Exercise data Block Start

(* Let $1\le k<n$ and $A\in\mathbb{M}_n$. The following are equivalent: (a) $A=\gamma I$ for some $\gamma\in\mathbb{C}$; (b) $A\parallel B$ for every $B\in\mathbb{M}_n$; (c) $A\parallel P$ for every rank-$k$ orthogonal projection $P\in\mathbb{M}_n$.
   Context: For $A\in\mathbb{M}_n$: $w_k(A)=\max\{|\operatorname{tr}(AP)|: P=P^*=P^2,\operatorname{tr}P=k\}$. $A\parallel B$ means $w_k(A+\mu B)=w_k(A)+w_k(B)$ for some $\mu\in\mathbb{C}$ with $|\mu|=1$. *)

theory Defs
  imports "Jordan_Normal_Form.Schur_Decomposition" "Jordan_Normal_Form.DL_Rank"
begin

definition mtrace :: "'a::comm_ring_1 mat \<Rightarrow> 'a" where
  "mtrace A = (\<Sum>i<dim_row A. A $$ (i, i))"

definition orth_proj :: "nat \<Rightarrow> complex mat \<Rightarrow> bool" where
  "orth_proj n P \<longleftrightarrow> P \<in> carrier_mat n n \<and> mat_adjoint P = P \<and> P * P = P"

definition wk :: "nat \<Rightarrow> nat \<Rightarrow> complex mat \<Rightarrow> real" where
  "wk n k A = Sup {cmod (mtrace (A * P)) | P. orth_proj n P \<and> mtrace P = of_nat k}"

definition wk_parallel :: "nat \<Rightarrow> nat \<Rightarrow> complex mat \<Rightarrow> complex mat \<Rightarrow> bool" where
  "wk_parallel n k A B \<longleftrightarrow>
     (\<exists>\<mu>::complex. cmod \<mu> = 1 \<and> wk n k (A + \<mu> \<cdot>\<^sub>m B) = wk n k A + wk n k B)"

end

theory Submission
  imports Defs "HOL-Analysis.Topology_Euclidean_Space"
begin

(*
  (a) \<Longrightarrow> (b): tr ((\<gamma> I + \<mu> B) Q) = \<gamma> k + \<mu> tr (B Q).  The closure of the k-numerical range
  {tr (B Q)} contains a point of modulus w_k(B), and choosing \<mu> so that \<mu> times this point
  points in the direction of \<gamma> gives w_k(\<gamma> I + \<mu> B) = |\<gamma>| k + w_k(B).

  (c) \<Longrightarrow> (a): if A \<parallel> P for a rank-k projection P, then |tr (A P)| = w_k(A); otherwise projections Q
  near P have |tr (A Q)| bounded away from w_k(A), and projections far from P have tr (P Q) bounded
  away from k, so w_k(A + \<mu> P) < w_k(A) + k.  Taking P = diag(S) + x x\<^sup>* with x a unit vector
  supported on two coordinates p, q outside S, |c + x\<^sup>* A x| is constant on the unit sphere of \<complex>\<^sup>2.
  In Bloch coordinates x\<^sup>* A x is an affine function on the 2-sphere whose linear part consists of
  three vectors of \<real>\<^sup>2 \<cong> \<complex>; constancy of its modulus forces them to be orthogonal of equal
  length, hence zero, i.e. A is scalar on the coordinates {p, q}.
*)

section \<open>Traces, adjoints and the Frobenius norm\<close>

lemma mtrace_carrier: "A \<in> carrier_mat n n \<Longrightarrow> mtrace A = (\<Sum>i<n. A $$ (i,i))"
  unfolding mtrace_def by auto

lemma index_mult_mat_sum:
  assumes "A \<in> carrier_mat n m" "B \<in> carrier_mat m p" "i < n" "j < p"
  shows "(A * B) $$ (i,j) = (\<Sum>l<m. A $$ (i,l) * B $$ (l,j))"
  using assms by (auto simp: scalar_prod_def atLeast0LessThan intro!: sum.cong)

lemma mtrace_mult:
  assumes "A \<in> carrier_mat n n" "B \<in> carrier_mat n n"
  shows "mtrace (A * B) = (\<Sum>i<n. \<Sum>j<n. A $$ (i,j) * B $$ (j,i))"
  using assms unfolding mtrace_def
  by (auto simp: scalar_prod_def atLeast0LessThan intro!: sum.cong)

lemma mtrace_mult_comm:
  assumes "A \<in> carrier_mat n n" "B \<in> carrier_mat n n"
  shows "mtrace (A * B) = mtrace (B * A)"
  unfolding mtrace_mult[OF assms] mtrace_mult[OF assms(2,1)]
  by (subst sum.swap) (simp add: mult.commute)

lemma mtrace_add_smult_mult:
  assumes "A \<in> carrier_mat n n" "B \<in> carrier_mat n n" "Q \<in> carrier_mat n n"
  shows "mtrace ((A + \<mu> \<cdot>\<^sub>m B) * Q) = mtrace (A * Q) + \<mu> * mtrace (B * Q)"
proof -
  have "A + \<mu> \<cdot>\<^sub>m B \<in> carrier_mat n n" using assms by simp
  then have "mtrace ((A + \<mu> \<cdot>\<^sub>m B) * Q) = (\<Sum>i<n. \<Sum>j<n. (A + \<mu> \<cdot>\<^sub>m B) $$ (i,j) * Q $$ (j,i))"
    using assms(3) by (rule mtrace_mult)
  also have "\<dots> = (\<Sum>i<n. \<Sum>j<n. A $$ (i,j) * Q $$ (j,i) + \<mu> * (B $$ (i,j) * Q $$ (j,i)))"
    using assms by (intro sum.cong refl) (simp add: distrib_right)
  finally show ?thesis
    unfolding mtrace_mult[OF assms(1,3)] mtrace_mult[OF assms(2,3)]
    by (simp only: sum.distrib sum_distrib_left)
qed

Exercise data Block End

◆ Problem to work on ◆
Which lines above hold the word "from"? Copy each of them.

◆ Solution to this task ◆
  near P have |tr (A Q)| bounded away from w_k(A), and projections far from P have tr (P Q) bounded
  away from k, so w_k(A + \<mu> P) < w_k(A) + k.  Taking P = diag(S) + x x\<^sup>* with x a unit vector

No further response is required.